◆ **SOURCE DATA**:
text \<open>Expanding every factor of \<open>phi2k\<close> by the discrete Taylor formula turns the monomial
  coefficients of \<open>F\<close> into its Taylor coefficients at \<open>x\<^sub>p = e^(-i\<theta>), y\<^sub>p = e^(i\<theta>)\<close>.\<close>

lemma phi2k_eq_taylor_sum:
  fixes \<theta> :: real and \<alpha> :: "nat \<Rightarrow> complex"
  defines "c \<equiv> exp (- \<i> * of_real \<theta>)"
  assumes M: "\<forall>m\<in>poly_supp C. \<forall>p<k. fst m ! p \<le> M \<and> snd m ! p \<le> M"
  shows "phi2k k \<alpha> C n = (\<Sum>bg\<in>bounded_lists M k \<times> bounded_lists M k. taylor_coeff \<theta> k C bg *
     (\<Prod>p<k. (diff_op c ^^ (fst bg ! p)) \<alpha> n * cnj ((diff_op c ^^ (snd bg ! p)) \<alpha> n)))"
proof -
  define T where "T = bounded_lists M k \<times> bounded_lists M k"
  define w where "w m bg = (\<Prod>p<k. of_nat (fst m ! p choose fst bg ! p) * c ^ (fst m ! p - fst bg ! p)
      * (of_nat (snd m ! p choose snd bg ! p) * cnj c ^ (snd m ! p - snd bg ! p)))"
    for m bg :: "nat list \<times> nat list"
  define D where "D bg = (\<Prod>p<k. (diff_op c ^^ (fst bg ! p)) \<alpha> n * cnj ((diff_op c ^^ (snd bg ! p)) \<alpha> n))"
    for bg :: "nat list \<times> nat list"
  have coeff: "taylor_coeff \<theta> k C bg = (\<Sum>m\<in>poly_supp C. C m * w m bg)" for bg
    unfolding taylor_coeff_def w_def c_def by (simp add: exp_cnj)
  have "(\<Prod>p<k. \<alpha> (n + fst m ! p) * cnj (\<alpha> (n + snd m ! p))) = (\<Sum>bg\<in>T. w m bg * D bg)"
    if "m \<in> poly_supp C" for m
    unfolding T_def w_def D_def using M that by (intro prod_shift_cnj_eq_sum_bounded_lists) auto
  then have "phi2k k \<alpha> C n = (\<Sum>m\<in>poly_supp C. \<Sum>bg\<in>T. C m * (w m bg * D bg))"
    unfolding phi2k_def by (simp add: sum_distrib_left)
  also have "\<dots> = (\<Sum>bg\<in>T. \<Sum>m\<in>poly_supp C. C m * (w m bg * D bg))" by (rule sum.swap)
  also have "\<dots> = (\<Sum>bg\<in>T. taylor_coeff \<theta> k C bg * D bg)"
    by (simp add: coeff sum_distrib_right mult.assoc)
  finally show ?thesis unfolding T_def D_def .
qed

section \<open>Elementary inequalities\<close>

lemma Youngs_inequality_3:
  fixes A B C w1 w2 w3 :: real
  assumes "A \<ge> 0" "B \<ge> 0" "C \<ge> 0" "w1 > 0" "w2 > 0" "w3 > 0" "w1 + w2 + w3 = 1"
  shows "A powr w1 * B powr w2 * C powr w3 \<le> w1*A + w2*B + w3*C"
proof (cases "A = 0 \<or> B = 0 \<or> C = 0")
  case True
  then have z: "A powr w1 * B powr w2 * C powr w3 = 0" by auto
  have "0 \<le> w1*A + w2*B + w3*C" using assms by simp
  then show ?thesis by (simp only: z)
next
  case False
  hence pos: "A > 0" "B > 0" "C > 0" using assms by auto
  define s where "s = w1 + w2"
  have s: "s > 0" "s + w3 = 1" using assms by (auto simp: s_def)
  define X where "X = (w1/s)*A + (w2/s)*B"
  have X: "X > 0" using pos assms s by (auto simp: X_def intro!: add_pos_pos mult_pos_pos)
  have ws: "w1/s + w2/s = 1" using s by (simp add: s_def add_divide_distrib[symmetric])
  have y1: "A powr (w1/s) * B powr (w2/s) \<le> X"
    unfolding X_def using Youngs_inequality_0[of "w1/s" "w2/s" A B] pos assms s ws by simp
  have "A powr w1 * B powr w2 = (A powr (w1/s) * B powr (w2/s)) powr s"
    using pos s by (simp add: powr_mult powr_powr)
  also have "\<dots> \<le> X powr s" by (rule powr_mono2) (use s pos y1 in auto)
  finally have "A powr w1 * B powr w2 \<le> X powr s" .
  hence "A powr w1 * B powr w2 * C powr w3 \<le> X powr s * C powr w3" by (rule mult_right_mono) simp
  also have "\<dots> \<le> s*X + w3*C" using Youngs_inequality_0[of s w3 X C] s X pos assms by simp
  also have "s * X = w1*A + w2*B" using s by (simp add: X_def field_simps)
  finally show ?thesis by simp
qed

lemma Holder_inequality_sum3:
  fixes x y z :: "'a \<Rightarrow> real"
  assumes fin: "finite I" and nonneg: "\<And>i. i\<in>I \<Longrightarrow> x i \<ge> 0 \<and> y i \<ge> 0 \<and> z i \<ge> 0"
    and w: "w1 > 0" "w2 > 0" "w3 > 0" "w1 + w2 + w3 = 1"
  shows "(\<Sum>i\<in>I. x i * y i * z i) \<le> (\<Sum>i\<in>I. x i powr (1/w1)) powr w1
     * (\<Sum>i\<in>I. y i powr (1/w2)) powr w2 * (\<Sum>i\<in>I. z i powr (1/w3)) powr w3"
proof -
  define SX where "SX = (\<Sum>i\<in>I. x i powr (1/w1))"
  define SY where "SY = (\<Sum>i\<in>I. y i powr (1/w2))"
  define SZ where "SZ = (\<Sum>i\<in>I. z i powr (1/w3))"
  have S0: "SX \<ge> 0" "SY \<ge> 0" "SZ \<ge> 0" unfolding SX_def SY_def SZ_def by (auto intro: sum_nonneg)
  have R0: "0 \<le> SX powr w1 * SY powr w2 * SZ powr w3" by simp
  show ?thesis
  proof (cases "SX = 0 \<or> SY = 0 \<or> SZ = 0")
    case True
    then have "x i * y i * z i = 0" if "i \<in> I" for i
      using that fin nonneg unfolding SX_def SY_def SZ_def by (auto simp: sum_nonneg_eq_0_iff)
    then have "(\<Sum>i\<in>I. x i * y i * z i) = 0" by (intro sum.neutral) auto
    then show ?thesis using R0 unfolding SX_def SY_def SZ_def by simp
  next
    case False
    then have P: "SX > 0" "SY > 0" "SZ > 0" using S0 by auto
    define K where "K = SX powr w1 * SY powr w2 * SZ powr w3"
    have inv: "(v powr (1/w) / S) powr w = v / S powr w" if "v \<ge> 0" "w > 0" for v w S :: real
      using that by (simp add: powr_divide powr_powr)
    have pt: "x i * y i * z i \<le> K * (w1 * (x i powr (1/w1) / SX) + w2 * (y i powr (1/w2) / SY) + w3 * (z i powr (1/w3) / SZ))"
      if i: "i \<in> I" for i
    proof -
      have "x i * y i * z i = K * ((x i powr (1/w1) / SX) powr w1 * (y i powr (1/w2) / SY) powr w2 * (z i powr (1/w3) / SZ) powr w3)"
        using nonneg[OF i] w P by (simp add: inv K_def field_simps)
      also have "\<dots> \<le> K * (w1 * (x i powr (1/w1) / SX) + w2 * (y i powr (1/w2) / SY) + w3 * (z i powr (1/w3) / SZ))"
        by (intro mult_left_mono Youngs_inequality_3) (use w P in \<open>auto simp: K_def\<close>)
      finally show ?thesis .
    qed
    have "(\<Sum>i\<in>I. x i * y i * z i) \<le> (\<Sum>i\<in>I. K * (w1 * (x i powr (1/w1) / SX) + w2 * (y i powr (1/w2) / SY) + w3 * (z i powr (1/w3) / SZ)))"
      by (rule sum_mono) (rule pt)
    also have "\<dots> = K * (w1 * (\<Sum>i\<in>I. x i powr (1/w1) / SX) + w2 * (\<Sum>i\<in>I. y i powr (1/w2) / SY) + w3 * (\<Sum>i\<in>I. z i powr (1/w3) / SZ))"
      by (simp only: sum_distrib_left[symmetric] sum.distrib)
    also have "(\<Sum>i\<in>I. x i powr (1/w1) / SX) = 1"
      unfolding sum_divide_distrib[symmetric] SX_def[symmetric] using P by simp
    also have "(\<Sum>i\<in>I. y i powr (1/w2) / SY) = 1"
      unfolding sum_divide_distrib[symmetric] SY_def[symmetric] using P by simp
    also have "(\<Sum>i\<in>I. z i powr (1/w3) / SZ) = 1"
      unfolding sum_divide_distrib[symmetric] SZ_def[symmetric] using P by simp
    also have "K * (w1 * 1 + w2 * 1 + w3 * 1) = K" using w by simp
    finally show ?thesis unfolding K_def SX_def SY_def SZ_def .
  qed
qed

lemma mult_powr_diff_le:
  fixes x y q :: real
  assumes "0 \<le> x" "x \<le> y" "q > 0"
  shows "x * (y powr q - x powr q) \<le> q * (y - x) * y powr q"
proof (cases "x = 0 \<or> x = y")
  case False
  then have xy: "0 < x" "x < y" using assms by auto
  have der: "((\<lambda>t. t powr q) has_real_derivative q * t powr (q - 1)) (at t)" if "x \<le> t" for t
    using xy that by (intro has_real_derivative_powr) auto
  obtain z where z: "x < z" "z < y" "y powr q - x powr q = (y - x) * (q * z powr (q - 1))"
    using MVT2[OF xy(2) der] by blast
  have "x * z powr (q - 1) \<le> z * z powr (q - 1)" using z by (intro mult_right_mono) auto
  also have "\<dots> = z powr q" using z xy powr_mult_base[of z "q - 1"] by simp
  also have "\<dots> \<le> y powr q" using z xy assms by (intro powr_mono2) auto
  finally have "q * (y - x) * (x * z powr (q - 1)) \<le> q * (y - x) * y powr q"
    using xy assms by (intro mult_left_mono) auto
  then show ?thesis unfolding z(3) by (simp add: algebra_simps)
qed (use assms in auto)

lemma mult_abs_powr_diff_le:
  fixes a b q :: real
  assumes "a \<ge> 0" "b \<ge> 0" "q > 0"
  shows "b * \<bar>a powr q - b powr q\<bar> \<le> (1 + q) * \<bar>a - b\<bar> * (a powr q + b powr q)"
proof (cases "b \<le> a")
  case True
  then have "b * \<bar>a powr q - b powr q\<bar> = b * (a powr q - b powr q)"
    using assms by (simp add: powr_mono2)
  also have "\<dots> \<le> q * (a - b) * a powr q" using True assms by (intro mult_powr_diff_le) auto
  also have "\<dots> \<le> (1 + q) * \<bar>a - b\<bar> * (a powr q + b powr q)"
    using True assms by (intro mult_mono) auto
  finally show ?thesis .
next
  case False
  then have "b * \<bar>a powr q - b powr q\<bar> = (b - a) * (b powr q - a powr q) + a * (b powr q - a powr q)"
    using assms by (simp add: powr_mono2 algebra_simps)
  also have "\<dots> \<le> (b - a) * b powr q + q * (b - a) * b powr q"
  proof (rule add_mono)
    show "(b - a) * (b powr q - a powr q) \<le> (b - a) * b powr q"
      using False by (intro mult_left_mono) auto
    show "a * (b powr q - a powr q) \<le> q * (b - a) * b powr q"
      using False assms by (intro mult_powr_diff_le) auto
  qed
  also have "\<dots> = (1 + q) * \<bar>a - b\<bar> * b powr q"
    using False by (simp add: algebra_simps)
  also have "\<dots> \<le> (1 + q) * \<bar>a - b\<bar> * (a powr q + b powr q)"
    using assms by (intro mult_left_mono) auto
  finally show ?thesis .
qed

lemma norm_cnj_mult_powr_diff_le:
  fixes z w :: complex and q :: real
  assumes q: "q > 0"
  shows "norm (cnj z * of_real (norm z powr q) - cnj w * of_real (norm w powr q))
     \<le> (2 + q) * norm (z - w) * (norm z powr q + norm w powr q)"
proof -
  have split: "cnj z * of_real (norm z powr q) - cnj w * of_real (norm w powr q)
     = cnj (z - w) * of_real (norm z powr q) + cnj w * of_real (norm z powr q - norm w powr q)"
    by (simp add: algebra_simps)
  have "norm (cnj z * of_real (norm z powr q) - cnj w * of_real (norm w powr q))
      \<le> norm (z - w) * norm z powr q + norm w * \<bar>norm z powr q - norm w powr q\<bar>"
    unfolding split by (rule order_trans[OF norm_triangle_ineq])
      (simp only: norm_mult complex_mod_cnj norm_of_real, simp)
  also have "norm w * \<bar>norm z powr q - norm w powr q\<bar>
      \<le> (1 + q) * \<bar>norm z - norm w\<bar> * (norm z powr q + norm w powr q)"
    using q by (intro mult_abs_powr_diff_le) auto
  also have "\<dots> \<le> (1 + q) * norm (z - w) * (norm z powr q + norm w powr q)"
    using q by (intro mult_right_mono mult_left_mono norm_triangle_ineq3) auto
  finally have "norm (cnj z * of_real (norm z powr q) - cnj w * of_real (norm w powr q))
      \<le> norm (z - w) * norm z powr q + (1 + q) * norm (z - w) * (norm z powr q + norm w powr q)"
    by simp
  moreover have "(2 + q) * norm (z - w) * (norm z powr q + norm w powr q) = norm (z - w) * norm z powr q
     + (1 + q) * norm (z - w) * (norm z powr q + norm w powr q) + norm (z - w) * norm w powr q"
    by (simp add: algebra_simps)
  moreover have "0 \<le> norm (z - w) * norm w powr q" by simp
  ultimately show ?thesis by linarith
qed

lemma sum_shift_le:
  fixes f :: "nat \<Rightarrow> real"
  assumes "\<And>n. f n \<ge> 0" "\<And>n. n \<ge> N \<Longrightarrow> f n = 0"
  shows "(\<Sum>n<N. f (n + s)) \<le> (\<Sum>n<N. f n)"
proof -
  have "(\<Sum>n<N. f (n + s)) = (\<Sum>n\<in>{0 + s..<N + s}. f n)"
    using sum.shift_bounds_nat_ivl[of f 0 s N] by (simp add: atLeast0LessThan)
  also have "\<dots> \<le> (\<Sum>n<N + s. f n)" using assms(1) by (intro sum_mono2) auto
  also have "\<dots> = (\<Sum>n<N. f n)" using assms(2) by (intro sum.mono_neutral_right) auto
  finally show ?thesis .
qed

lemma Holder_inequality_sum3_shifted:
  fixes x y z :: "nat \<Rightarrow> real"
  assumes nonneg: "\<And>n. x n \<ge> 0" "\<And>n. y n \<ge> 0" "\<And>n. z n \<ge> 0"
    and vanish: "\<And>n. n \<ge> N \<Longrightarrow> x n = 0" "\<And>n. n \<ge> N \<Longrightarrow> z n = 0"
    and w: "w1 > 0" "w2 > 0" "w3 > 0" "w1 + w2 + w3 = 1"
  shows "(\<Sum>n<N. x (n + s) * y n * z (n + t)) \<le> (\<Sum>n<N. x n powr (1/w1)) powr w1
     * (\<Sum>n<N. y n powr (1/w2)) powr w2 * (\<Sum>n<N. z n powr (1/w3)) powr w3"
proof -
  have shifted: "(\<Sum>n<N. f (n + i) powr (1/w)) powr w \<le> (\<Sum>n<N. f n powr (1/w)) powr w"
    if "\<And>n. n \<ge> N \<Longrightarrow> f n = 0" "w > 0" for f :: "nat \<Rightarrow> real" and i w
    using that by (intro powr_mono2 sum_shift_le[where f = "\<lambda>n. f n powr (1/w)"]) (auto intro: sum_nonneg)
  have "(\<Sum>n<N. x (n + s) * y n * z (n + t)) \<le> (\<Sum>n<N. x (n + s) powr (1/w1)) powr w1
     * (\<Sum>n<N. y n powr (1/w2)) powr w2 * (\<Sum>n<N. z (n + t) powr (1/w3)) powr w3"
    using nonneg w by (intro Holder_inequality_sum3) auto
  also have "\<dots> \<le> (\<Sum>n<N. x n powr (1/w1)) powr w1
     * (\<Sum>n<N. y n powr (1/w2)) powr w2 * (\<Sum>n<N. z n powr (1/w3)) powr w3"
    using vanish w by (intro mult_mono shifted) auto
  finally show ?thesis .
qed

...

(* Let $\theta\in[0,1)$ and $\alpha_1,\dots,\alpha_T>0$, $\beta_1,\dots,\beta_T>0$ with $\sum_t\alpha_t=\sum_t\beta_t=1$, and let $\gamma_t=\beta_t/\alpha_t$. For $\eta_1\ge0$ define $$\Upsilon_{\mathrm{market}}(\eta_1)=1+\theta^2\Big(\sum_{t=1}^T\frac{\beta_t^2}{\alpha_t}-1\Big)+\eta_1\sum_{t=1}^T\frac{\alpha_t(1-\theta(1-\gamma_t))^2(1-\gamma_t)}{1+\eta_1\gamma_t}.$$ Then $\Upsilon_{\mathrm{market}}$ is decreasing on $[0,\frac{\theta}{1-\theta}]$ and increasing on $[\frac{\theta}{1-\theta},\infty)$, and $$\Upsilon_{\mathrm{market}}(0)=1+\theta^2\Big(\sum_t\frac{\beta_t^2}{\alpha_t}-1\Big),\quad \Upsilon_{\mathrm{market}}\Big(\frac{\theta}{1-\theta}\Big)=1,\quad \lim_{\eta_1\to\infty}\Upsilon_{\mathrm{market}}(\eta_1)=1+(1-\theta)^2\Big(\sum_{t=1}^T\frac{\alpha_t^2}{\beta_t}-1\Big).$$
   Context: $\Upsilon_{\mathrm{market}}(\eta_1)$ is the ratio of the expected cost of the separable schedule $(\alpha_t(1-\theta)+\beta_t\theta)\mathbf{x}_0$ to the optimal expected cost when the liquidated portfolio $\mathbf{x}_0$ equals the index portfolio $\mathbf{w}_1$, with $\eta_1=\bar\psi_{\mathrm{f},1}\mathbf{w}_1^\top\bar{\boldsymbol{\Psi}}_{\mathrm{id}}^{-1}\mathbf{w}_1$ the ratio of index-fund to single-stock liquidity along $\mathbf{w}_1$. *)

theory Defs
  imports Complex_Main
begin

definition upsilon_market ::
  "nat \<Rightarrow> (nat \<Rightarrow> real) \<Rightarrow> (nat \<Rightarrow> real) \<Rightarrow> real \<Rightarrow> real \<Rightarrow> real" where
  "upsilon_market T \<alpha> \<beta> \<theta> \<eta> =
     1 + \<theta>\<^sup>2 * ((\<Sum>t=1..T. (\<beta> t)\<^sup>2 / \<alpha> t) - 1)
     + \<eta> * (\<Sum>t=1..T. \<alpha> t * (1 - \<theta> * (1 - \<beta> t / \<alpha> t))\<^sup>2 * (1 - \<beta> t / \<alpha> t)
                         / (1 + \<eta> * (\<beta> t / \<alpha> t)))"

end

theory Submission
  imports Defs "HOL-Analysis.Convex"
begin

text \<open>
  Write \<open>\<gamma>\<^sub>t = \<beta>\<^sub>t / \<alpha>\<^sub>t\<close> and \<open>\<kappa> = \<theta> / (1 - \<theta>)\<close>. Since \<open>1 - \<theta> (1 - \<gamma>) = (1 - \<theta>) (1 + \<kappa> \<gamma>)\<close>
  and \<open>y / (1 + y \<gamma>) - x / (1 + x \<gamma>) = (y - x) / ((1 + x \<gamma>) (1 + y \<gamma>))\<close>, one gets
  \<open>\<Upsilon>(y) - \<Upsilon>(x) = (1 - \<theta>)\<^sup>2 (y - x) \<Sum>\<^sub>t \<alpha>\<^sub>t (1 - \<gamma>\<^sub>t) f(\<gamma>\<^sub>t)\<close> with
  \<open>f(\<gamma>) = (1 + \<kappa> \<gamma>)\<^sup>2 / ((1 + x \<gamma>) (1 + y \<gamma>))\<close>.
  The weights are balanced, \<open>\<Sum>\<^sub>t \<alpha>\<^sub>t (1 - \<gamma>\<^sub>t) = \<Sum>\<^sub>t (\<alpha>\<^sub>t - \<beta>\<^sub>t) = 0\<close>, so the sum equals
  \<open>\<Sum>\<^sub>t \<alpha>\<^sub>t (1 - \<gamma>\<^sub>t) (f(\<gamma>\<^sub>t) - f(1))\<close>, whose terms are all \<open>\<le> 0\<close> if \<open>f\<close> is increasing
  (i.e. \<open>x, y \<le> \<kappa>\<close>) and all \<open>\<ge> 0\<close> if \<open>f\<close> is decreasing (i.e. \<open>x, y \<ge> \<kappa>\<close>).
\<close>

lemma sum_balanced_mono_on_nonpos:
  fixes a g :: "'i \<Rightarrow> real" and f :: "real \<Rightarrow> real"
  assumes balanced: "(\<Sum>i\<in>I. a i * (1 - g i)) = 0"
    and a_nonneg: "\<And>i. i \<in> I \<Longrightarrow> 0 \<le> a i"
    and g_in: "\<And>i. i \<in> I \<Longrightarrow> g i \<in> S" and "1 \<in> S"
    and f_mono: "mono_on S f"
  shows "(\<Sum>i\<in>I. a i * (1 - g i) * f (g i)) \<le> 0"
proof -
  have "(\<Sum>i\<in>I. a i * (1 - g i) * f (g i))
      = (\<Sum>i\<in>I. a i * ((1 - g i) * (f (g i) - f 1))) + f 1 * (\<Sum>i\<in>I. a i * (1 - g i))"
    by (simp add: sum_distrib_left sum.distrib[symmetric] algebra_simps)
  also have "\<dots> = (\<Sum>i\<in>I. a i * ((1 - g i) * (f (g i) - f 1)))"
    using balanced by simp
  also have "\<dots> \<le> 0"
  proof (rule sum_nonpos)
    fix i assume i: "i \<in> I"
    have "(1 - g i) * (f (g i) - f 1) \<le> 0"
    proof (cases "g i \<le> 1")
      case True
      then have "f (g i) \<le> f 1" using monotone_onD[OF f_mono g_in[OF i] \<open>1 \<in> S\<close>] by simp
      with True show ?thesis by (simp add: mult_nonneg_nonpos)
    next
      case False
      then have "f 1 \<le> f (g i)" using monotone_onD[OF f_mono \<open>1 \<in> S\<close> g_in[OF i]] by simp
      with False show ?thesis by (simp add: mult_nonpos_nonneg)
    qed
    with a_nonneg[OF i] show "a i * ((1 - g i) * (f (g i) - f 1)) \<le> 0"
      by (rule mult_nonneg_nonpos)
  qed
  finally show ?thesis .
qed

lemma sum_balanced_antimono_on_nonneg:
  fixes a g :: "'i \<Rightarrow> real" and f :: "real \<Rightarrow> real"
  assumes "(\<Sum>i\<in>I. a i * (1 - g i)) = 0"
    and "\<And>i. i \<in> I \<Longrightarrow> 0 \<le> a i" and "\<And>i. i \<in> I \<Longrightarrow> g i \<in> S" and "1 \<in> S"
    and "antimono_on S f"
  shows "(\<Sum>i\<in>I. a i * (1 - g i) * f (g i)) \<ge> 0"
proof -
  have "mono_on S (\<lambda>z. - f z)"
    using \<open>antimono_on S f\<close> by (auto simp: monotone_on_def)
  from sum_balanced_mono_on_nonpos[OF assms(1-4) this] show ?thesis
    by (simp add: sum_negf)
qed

◆ **DIRECTIONS**: Every line of the material that includes the word "hence" needs to be copied.

◆ **TASK SOLUTION**:
  hence pos: "A > 0" "B > 0" "C > 0" using assms by auto
  hence "A powr w1 * B powr w2 * C powr w3 \<le> X powr s * C powr w3" by (rule mult_right_mono) simp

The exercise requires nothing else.